He was still busy when the landlady's daughter brought in his tea. He looked up casually and caught her eye bent on his work with extreme interest. "Good evening, Miss Hughes," he said.
"Good evening, Mr Carstairs," she answered, and she had summoned up a defiant sort of air to meet his eye.
Carstairs' face was like the Sphinx. "I'm going up to London to-morrow. Would you mind letting me have breakfast at half-past six? I shall come back by the eleven twenty, but I've got a very important piece of work here I want to finish before I go, so please don't let me be disturbed for the rest of the evening."

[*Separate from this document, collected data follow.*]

(* For the $2$-cache problem, there is no knowledge state algorithm that is $\tfrac32$-competitive as a knowledge state algorithm and all of whose knowledge states have at most two active pages.
   Context: The $2$-cache problem: an infinite set $P$ of pages; states are the $2$-element subsets of $P$, with a given initial cache $s^0$; requests are pages; $d(x,y)=|x\setminus y|$; $\mathrm{cost}(x,r,y)=2$ if $x=y$ and $r\notin x$, $=d(x,y)$ if $r\in x$ or $r\in y$, and $=d(x,y)+1$ otherwise. $\Pi$ is the set of finitely supported probability distributions on states; $\mathrm{cost}(\pi,r,\pi')$ is the minimum of $\sum_{x,y}\gamma(x,y)\mathrm{cost}(x,r,y)$ over distributions $\gamma$ on $\mathrm{supp}(\pi)\times\mathrm{supp}(\pi')$ with marginals $\pi,\pi'$. An estimator is a function $\omega\ge0$ on states with $\omega(y)\le\omega(x)+d(x,y)$; a set $S$ supports $\omega$ if each $y$ has $x\in S$ with $\omega(y)=\omega(x)+d(x,y)$, and the estimator support is the minimal such set. The update is $(\omega\wedge r)(y)=\inf_x\{\omega(x)+\mathrm{cost}(x,r,y)\}$. Knowledge state algorithm $\mathcal A$: a knowledge state is a pair $k=(\pi,\omega)$, $\pi\in\Pi$, $\omega$ an estimator with finite support; initial state $(s^0,\omega^0)$ with $\omega^0(s^0)=0$. For each $k=(\pi,\omega)$ and request $r$, $\mathcal A$ specifies subsequents $k_i=(\pi_i,\omega_i)$ with weights $\lambda_i>0$ summing to $1$ (next state $k_i$ with probability $\lambda_i$) and a number $\mathrm{adjust}(k,r)$ with $(\omega\wedge r)(x)\ge\mathrm{adjust}(k,r)+\sum_i\lambda_i\omega_i(x)$ for all $x$. Step cost $\mathrm{cost}(\pi,r,\sum_i\lambda_i\pi_i)$; $\mathrm{cost}_{\mathcal A}(\varrho)$ and $\mathrm{adjust}_{\mathcal A}(\varrho)$ are the sums over the steps. $\mathcal A$ is $C$-competitive as a knowledge state algorithm if there is $K$ with $E(\mathrm{cost}_{\mathcal A}(\varrho))\le C\cdot E(\mathrm{adjust}_{\mathcal A}(\varrho)+\omega^n(x))+K$ for every $\varrho=r^1\dots r^n$ and every state $x$, where $\omega^n$ is the estimator after $n$ steps. The active pages of a knowledge state $(\pi,\omega)$ are the pages belonging to some configuration in the distributional support of $\pi$ or in the estimator support of $\omega$. *)

theory Defs
  imports "HOL-Probability.Probability_Mass_Function"
begin

text \<open>Pages are elements of a type 'p (assumed infinite in the theorem);
  states (cache configurations) are 2-element sets of pages.\<close>

definition states :: "'p set set" where
  "states = {x. finite x \<and> card x = 2}"

definition dist :: "'p set \<Rightarrow> 'p set \<Rightarrow> nat" where
  "dist x y = card (x - y)"

definition cost :: "'p set \<Rightarrow> 'p \<Rightarrow> 'p set \<Rightarrow> nat" where
  "cost x r y =
     (if x = y \<and> r \<notin> x then 2
      else if r \<in> x \<or> r \<in> y then dist x y
      else dist x y + 1)"

definition Pi_dist :: "'p set pmf set" where
  "Pi_dist = {\<pi>. finite (set_pmf \<pi>) \<and> set_pmf \<pi> \<subseteq> states}"

text \<open>Cost between distributions: minimum over couplings (with the given
  marginals; such a coupling is automatically supported on the product of
  the supports).\<close>
definition pcost :: "'p set pmf \<Rightarrow> 'p \<Rightarrow> 'p set pmf \<Rightarrow> real" where
  "pcost \<pi> r \<pi>' =
     Inf {measure_pmf.expectation \<gamma> (\<lambda>(x, y). real (cost x r y)) | \<gamma>.
            map_pmf fst \<gamma> = \<pi> \<and> map_pmf snd \<gamma> = \<pi>'}"

definition estimator :: "('p set \<Rightarrow> real) \<Rightarrow> bool" where
  "estimator \<omega> \<longleftrightarrow>
     (\<forall>x\<in>states. 0 \<le> \<omega> x) \<and>
     (\<forall>x\<in>states. \<forall>y\<in>states. \<omega> y \<le> \<omega> x + real (dist x y))"

definition supports :: "'p set set \<Rightarrow> ('p set \<Rightarrow> real) \<Rightarrow> bool" where
  "supports S \<omega> \<longleftrightarrow> S \<subseteq> states \<and>
     (\<forall>y\<in>states. \<exists>x\<in>S. \<omega> y = \<omega> x + real (dist x y))"

definition est_support :: "('p set \<Rightarrow> real) \<Rightarrow> 'p set set" where
  "est_support \<omega> = \<Inter> {S. supports S \<omega>}"

definition update :: "('p set \<Rightarrow> real) \<Rightarrow> 'p \<Rightarrow> 'p set \<Rightarrow> real" where
  "update \<omega> r y = (INF x\<in>states. \<omega> x + real (cost x r y))"

type_synonym 'p kstate = "'p set pmf \<times> ('p set \<Rightarrow> real)"

definition is_kstate :: "'p kstate \<Rightarrow> bool" where
  "is_kstate k \<longleftrightarrow> fst k \<in> Pi_dist \<and> estimator (snd k) \<and>
     (\<exists>S. finite S \<and> supports S (snd k))"

definition active_pages :: "'p kstate \<Rightarrow> 'p set" where
  "active_pages k = \<Union> (set_pmf (fst k)) \<union> \<Union> (est_support (snd k))"

text \<open>An algorithm maps a knowledge state and a request to a distribution on
  subsequent knowledge states (subsequent k_i chosen with probability
  lambda_i) together with an adjustment value.\<close>

inductive_set reachable :: "'p kstate \<Rightarrow> ('p kstate \<Rightarrow> 'p \<Rightarrow> 'p kstate pmf) \<Rightarrow> 'p kstate set"
  for k0 A where
  init: "k0 \<in> reachable k0 A"
| step: "k \<in> reachable k0 A \<Longrightarrow> k' \<in> set_pmf (A k r) \<Longrightarrow> k' \<in> reachable k0 A"

definition ks_algorithm ::
  "'p set \<Rightarrow> ('p set \<Rightarrow> real) \<Rightarrow> ('p kstate \<Rightarrow> 'p \<Rightarrow> 'p kstate pmf) \<Rightarrow> ('p kstate \<Rightarrow> 'p \<Rightarrow> real) \<Rightarrow> bool"
  where
  "ks_algorithm s0 \<omega>0 A adj \<longleftrightarrow>
     is_kstate (return_pmf s0, \<omega>0) \<and> \<omega>0 s0 = 0 \<and>
     (\<forall>k\<in>reachable (return_pmf s0, \<omega>0) A. \<forall>r.
        finite (set_pmf (A k r)) \<and>
        (\<forall>k'\<in>set_pmf (A k r). is_kstate k') \<and>
        (\<forall>x\<in>states. update (snd k) r x \<ge>
            adj k r + measure_pmf.expectation (A k r) (\<lambda>k'. snd k' x)))"

definition step_cost :: "('p kstate \<Rightarrow> 'p \<Rightarrow> 'p kstate pmf) \<Rightarrow> 'p kstate \<Rightarrow> 'p \<Rightarrow> real" where
  "step_cost A k r = pcost (fst k) r (bind_pmf (A k r) (\<lambda>k'. fst k'))"

text \<open>Distribution of (final knowledge state, total cost, total adjust) after
  serving a request sequence.\<close>
primrec run ::
  "('p kstate \<Rightarrow> 'p \<Rightarrow> 'p kstate pmf) \<Rightarrow> ('p kstate \<Rightarrow> 'p \<Rightarrow> real) \<Rightarrow> 'p kstate \<Rightarrow> 'p list
     \<Rightarrow> ('p kstate \<times> real \<times> real) pmf" where
  "run A adj k [] = return_pmf (k, 0, 0)"
| "run A adj k (r # rs) =
     bind_pmf (A k r) (\<lambda>k'. map_pmf (\<lambda>(kn, c, a). (kn, step_cost A k r + c, adj k r + a))
                                     (run A adj k' rs))"

definition ks_competitive ::
  "real \<Rightarrow> 'p set \<Rightarrow> ('p set \<Rightarrow> real) \<Rightarrow> ('p kstate \<Rightarrow> 'p \<Rightarrow> 'p kstate pmf) \<Rightarrow> ('p kstate \<Rightarrow> 'p \<Rightarrow> real) \<Rightarrow> bool"
  where
  "ks_competitive C s0 \<omega>0 A adj \<longleftrightarrow>
     (\<exists>K. \<forall>\<rho>. \<forall>x\<in>states.
        measure_pmf.expectation (run A adj (return_pmf s0, \<omega>0) \<rho>) (\<lambda>(kn, c, a). c)
        \<le> C * measure_pmf.expectation (run A adj (return_pmf s0, \<omega>0) \<rho>)
                (\<lambda>(kn, c, a). a + snd kn x) + K)"

end

theory Submission
  imports Defs
begin

text \<open>A knowledge state with at most two active pages is a single configuration s together with
  the cone estimator \<omega> = V + d(s, \<cdot>), because its estimator support can only consist of s.
  Let the adversary cycle through three pages and use the potential 3/2 V + h/12, where h counts
  the upcoming requests that are already cached. The estimator update forces
  2 (adjust + E V' - V) \<le> cost: on a miss, the two configurations reachable from s at cost 1
  are at distance 1 from each other. Hence every step costs at least 1/12 more than 3/2 times
  the change of adjustment plus potential, so after n requests the algorithm pays n/12 - O(1)
  more than 3/2 (adjust + estimator), contradicting 3/2-competitiveness.\<close>

lemma states_finite: "x \<in> states \<Longrightarrow> finite x"
  and states_card: "x \<in> states \<Longrightarrow> card x = 2"
  by (auto simp: states_def)

lemma states_subset_eq: "x \<in> states \<Longrightarrow> y \<in> states \<Longrightarrow> x \<subseteq> y \<Longrightarrow> x = y"
  by (metis card_subset_eq states_card states_finite)

lemma dist_self [simp]: "Defs.dist x x = 0"
  by (simp add: Defs.dist_def)

lemma dist_triangle:
  "finite x \<Longrightarrow> finite y \<Longrightarrow> Defs.dist x z \<le> Defs.dist x y + Defs.dist y z"
proof -
  assume "finite x" "finite y"
  have "card (x - z) \<le> card ((x - y) \<union> (y - z))"
    using \<open>finite x\<close> \<open>finite y\<close> by (intro card_mono) auto
  also have "\<dots> \<le> card (x - y) + card (y - z)"
    by (rule card_Un_le)
  finally show ?thesis
    by (simp add: Defs.dist_def)
qed

lemma dist_commute: "x \<in> states \<Longrightarrow> y \<in> states \<Longrightarrow> Defs.dist x y = Defs.dist y x"
  by (simp add: Defs.dist_def card_Diff_subset_Int states_finite states_card Int_commute)

lemma dist_ge_1:
  assumes "x \<in> states" "y \<in> states" "x \<noteq> y"
  shows "1 \<le> Defs.dist x y"
proof -
  have "x - y \<noteq> {}"
    using assms states_subset_eq by blast
  then show ?thesis
    using states_finite[OF assms(1)] by (simp add: Defs.dist_def Suc_le_eq card_gt_0_iff)
qed

lemma dist_le_2: "x \<in> states \<Longrightarrow> Defs.dist x y \<le> 2"
  by (metis Defs.dist_def Diff_subset card_mono states_card states_finite)

lemma dist_le_cost: "Defs.dist x y \<le> cost x r y"
  by (simp add: cost_def)

lemma cost_hit [simp]: "r \<in> s \<Longrightarrow> cost s r s = 0"
  by (simp add: cost_def)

"Certainly, Mr Carstairs. Half-past six, and I'll see no one disturbs you."
"Thanks very much." Carstairs regarding her steadily with his calm, inquiring eyes, caught a gleam in hers that she did not want to be seen; he gave no sign, and she went away quite oblivious of the fact that he had read her like an open book.
Next day he went off to London and saw his lawyer brother; they talked over his case against Darwen, and his brother very quickly decided that he had "no case." So Carstairs returned, and in the stillness of the wee sma' hours he examined the drawing again, and found, as he expected, four more pin-holes. He did not smile; when in company his mirth was seldom excessive, when alone, his features never for one second relaxed their attitude of calm seriousness. He replaced the drawing board in its position, leaning against the wall behind the piano, and went to bed.
The following Monday he called at the office for his month's pay. He waited at the little shutter that the men were paid at, while the office boy went to fetch a clerk who fetched another clerk, who consulted with the first clerk, and called a third clerk and sent the office boy for a book and a pen, then they all three consulted together again and reprimanded the office boy before handing the cheque through the little shutter. Which entire rigmarole was the outcome of insufficient work, and too sufficient pomposity. While Carstairs waited, Darwen opened the door of his office.
"Hullo, old chap, come inside. Here, Morris, bring that cheque along with you." He held out his hand.
Carstairs ignored it. "Thanks, I won't stay, I'm just going off to Chilcombe."
Darwen laughed. "A Saxon," he said, "is an individual who proceeds along 'strait' lines. I was going to ask you to come home with me this evening. The mater would like to see you."
"Thanks very much. I should like to see your mother, but I'm afraid I can't stop this evening."
The clerk brought out the cheque. Darwen took it and, glancing over it, handed it on to Carstairs. "There you are, old chap. I'm sorry it's the last."
Carstairs took it. "Thanks," he said. "Good-bye," and turning on his heel he went out for the last time.
Darwen watched him through the window as he walked down the street with his long swinging stride. "The reason, personified, of why England owns half the earth," he said, to himself. "And equally the reason that she doesn't own the whole of it," he added, thoughtfully.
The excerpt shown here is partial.